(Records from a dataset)
____
(* Let $n\ge2$, $A\in\mathbb{R}^{n\times d}$ with every row satisfying $\|A_{(i,:)}\|_2\le1$, $\mathcal{B}_d=\{\mathbf{w}\in\mathbb{R}^d:\|\mathbf{w}\|_2\le1\}$, $\alpha_t=1$, $g(\mathbf{w},\mathbf{p})=\mathbf{p}^{\top}A\mathbf{w}$, $h_t(\mathbf{w})=-g(\mathbf{w},\mathbf{p}_t)$, $\ell_t(\mathbf{p})=g(\mathbf{w}_t,\mathbf{p})$. Let $\widehat{\mathbf{w}}_0=\mathbf{0}$, $\widehat{\mathbf{p}}_0=\tfrac{\mathbf{1}}{n}$ and for $t=1,\dots,T$: $\mathbf{w}_t=\arg\min_{\mathbf{w}\in\mathcal{B}_d}\frac{1}{\sqrt{\log n}}\langle-A^{\top}\widehat{\mathbf{p}}_{t-1},\mathbf{w}\rangle+\frac12\|\mathbf{w}-\widehat{\mathbf{w}}_{t-1}\|_2^2$, $\mathbf{p}_t=\arg\min_{\mathbf{p}\in\Delta^n}\sqrt{\log n}\langle A\widehat{\mathbf{w}}_{t-1},\mathbf{p}\rangle+D_E(\mathbf{p},\widehat{\mathbf{p}}_{t-1})$, $\widehat{\mathbf{w}}_t=\arg\min_{\mathbf{w}\in\mathcal{B}_d}\frac{1}{\sqrt{\log n}}\langle-A^{\top}\mathbf{p}_t,\mathbf{w}\rangle+\frac12\|\mathbf{w}-\widehat{\mathbf{w}}_{t-1}\|_2^2$, $\widehat{\mathbf{p}}_t=\arg\min_{\mathbf{p}\in\Delta^n}\sqrt{\log n}\langle A\mathbf{w}_t,\mathbf{p}\rangle+D_E(\mathbf{p},\widehat{\mathbf{p}}_{t-1})$. Define $R^{\mathbf{w}}=\sum_{t=1}^Th_t(\mathbf{w}_t)-\min_{\mathbf{w}\in\mathcal{B}_d}\sum_{t=1}^Th_t(\mathbf{w})$ and $R^{\mathbf{p}}=\sum_{t=1}^T\ell_t(\mathbf{p}_t)-\min_{\mathbf{p}\in\Delta^n}\sum_{t=1}^T\ell_t(\mathbf{p})$. Then $R^{\mathbf{p}}+R^{\mathbf{w}}=O(\sqrt{\log n})$, i.e. there is a universal constant $C$ such that $R^{\mathbf{p}}+R^{\mathbf{w}}\le C\sqrt{\log n}$ for all $T$.
   Context: $\Delta^n$ is the probability simplex; $\mathbf{1}$ the all-ones vector; $D_E(\mathbf{p},\mathbf{q})=\sum_ip_i\log(p_i/q_i)$ (KL divergence). *)

theory Defs
  imports Complex_Main
begin

text \<open>Vectors in R^k are represented as functions nat => real that vanish
  outside the index set {..<k}; an n x d matrix is nat => nat => real, only
  the entries with i < n, j < d being relevant.\<close>

definition dotv :: "nat \<Rightarrow> (nat \<Rightarrow> real) \<Rightarrow> (nat \<Rightarrow> real) \<Rightarrow> real" where
  "dotv k x y = (\<Sum>i<k. x i * y i)"

definition normv :: "nat \<Rightarrow> (nat \<Rightarrow> real) \<Rightarrow> real" where
  "normv k x = sqrt (\<Sum>i<k. (x i)\<^sup>2)"

definition matvec :: "nat \<Rightarrow> nat \<Rightarrow> (nat \<Rightarrow> nat \<Rightarrow> real) \<Rightarrow> (nat \<Rightarrow> real) \<Rightarrow> (nat \<Rightarrow> real)" where
  "matvec n d A w = (\<lambda>i. if i < n then (\<Sum>j<d. A i j * w j) else 0)"

definition matTvec :: "nat \<Rightarrow> nat \<Rightarrow> (nat \<Rightarrow> nat \<Rightarrow> real) \<Rightarrow> (nat \<Rightarrow> real) \<Rightarrow> (nat \<Rightarrow> real)" where
  "matTvec n d A p = (\<lambda>j. if j < d then (\<Sum>i<n. A i j * p i) else 0)"

definition unit_ball :: "nat \<Rightarrow> (nat \<Rightarrow> real) set" where
  "unit_ball d = {w. (\<forall>j\<ge>d. w j = 0) \<and> normv d w \<le> 1}"

definition simplex :: "nat \<Rightarrow> (nat \<Rightarrow> real) set" where
  "simplex n = {p. (\<forall>i\<ge>n. p i = 0) \<and> (\<forall>i<n. 0 \<le> p i) \<and> (\<Sum>i<n. p i) = 1}"

definition KL :: "nat \<Rightarrow> (nat \<Rightarrow> real) \<Rightarrow> (nat \<Rightarrow> real) \<Rightarrow> real" where
  "KL n p q = (\<Sum>i<n. p i * ln (p i / q i))"

definition game :: "nat \<Rightarrow> nat \<Rightarrow> (nat \<Rightarrow> nat \<Rightarrow> real) \<Rightarrow> (nat \<Rightarrow> real) \<Rightarrow> (nat \<Rightarrow> real) \<Rightarrow> real" where
  "game n d A w p = dotv n p (matvec n d A w)"

end

theory Submission
  imports Defs "HOL-Analysis.Convex"
begin

(* For each player the three-point
   property of its two prox steps in round t bounds the regret of that round by a telescoping
   potential difference plus an error term: a cross term |p^T A w| <= |p|_1 |w|_2 (rows of A
   have norm at most 1) minus the stability terms of its own steps.  By AM-GM with weight eta
   each cross term is absorbed by one stability term of each player, so the errors cancel and
   the total regret is at most the initial potentials eta/2 + ln n / eta, which equals
   (3/2) sqrt (ln n) for eta = sqrt (ln n).  Stability on the simplex is Pinsker's inequality,
   obtained from the pointwise bound a ln (a/b) - a + b >= 3 (a - b)^2 / (2 (a + 2 b)) and
   Cauchy-Schwarz with weights a_i + 2 b_i. *)

definition normv1 :: "nat \<Rightarrow> (nat \<Rightarrow> real) \<Rightarrow> real" where
  "normv1 k x = (\<Sum>i<k. \<bar>x i\<bar>)"

lemma normv1_diff_commute: "normv1 n (\<lambda>i. x i - y i) = normv1 n (\<lambda>i. y i - x i)"
  by (simp add: normv1_def abs_minus_commute)

lemma ln_ge_rational:
  fixes x :: real
  assumes "0 < x"
  shows "(5 * x\<^sup>2 - 4 * x - 1) / (2 * x\<^sup>2 + 4 * x) \<le> ln x"
proof -
  define g where "g x = ln x - (5 * x\<^sup>2 - 4 * x - 1) / (2 * x\<^sup>2 + 4 * x)" for x :: real
  have g': "(g has_real_derivative (y - 1) ^ 3 / (y\<^sup>2 * (y + 2)\<^sup>2)) (at y)" if "0 < y" for y :: real
  proof -
    have nz: "2 * y\<^sup>2 + 4 * y \<noteq> 0"
      using that by (smt (verit) zero_less_power)
    have "(g has_real_derivative 1 / y - ((10 * y - 4) * (2 * y\<^sup>2 + 4 * y)
        - (5 * y\<^sup>2 - 4 * y - 1) * (4 * y + 4)) / (2 * y\<^sup>2 + 4 * y)\<^sup>2) (at y)"
      unfolding g_def using that nz
      by (auto intro!: derivative_eq_intros simp: power2_eq_square field_simps)
    moreover have "1 / y - ((10 * y - 4) * (2 * y\<^sup>2 + 4 * y)
        - (5 * y\<^sup>2 - 4 * y - 1) * (4 * y + 4)) / (2 * y\<^sup>2 + 4 * y)\<^sup>2
        = (y - 1) ^ 3 / (y\<^sup>2 * (y + 2)\<^sup>2)"
      using that nz
      by (simp add: divide_simps) (simp add: algebra_simps power2_eq_square power3_eq_cube)
    ultimately show ?thesis
      by simp
  qed
  have "g 1 \<le> g x"
  proof (cases "1 \<le> x")
    case True
    show ?thesis
      by (rule DERIV_nonneg_imp_nondecreasing[OF True]) (use g' in \<open>force\<close>)
  next
    case False
    have "(y - 1) ^ 3 / (y\<^sup>2 * (y + 2)\<^sup>2) \<le> 0" if "y \<le> 1" for y :: real
      using that by (intro divide_nonpos_nonneg) (auto simp: power_le_zero_eq)
    then show ?thesis
      using False assms g'
      by (intro DERIV_nonpos_imp_nonincreasing[of x 1 g]) (auto, metis order.strict_trans2)
  qed
  then show ?thesis
    by (simp add: g_def)
qed

lemma xlnx_bregman_ge:
  fixes a b :: real
  assumes "0 \<le> a" and "0 < b"
  shows "3 * (a - b)\<^sup>2 / (2 * (a + 2 * b)) \<le> a * ln (a / b) - a + b"
proof (cases "a = 0")
  case True
  then show ?thesis
    using assms by (simp add: power2_eq_square field_simps)
next
  case False
  then have "0 < a"
    using assms by simp
  have "0 < 2 * (a / b)\<^sup>2 + 4 * (a / b)" and "0 < a + 2 * b"
    using \<open>0 < a\<close> assms by (simp_all add: add_pos_pos)
  then have "3 * (a - b)\<^sup>2 / (2 * (a + 2 * b))
      = a * ((5 * (a / b)\<^sup>2 - 4 * (a / b) - 1) / (2 * (a / b)\<^sup>2 + 4 * (a / b))) - a + b"
    using \<open>0 < a\<close> assms
    by (simp add: divide_simps) (simp add: algebra_simps power2_eq_square)
  also have "\<dots> \<le> a * ln (a / b) - a + b"
    using \<open>0 < a\<close> assms
    by (intro add_right_mono diff_right_mono mult_left_mono ln_ge_rational) auto
  finally show ?thesis .
qed

lemma pinsker:
  assumes "a \<in> simplex n" and "b \<in> simplex n" and "\<forall>i<n. 0 < b i"
  shows "(normv1 n (\<lambda>i. a i - b i))\<^sup>2 \<le> 2 * KL n a b"
proof -
  have a: "\<forall>i<n. 0 \<le> a i" "(\<Sum>i<n. a i) = 1" and b: "\<forall>i<n. 0 < b i" "(\<Sum>i<n. b i) = 1"
    using assms by (auto simp: simplex_def)
  define m where "m i = a i + 2 * b i" for i
  have m_pos: "0 < m i" if "i < n" for i
    using a b that by (simp add: m_def add_nonneg_pos)
  have sum_m: "(\<Sum>i<n. m i) = 3"
    using a b by (simp add: m_def sum.distrib sum_distrib_left[symmetric])
  have "(normv1 n (\<lambda>i. a i - b i))\<^sup>2
      = (\<Sum>i<n. (\<bar>a i - b i\<bar> / sqrt (m i)) * sqrt (m i))\<^sup>2"
    unfolding normv1_def using m_pos
    by (intro arg_cong[where f = power2] sum.cong) (auto simp: less_imp_neq[symmetric])
  also have "\<dots> \<le> (\<Sum>i<n. (\<bar>a i - b i\<bar> / sqrt (m i))\<^sup>2) * (\<Sum>i<n. (sqrt (m i))\<^sup>2)"
    by (rule Cauchy_Schwarz_ineq_sum)
  also have "\<dots> = 2 * (\<Sum>i<n. 3 * (a i - b i)\<^sup>2 / (2 * m i))"
    using m_pos sum_m
    by (simp add: power_divide less_imp_le sum_distrib_left sum_distrib_right mult.commute)
  also have "\<dots> \<le> 2 * (\<Sum>i<n. a i * ln (a i / b i) - a i + b i)"
    using a b unfolding m_def by (intro mult_left_mono sum_mono xlnx_bregman_ge) auto
  also have "\<dots> = 2 * KL n a b"
    using a b by (simp add: KL_def sum.distrib sum_subtractf)
  finally show ?thesis .
qed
____
[What you should do] Answer with the exact lines running from the one that contains "unfolding normv1_def using m_pos" through the last line of the data. Include no other line.

[Exercise solution]
    unfolding normv1_def using m_pos
    by (intro arg_cong[where f = power2] sum.cong) (auto simp: less_imp_neq[symmetric])
  also have "\<dots> \<le> (\<Sum>i<n. (\<bar>a i - b i\<bar> / sqrt (m i))\<^sup>2) * (\<Sum>i<n. (sqrt (m i))\<^sup>2)"
    by (rule Cauchy_Schwarz_ineq_sum)
  also have "\<dots> = 2 * (\<Sum>i<n. 3 * (a i - b i)\<^sup>2 / (2 * m i))"
    using m_pos sum_m
    by (simp add: power_divide less_imp_le sum_distrib_left sum_distrib_right mult.commute)
  also have "\<dots> \<le> 2 * (\<Sum>i<n. a i * ln (a i / b i) - a i + b i)"
    using a b unfolding m_def by (intro mult_left_mono sum_mono xlnx_bregman_ge) auto
  also have "\<dots> = 2 * KL n a b"
    using a b by (simp add: KL_def sum.distrib sum_subtractf)
  finally show ?thesis .
qed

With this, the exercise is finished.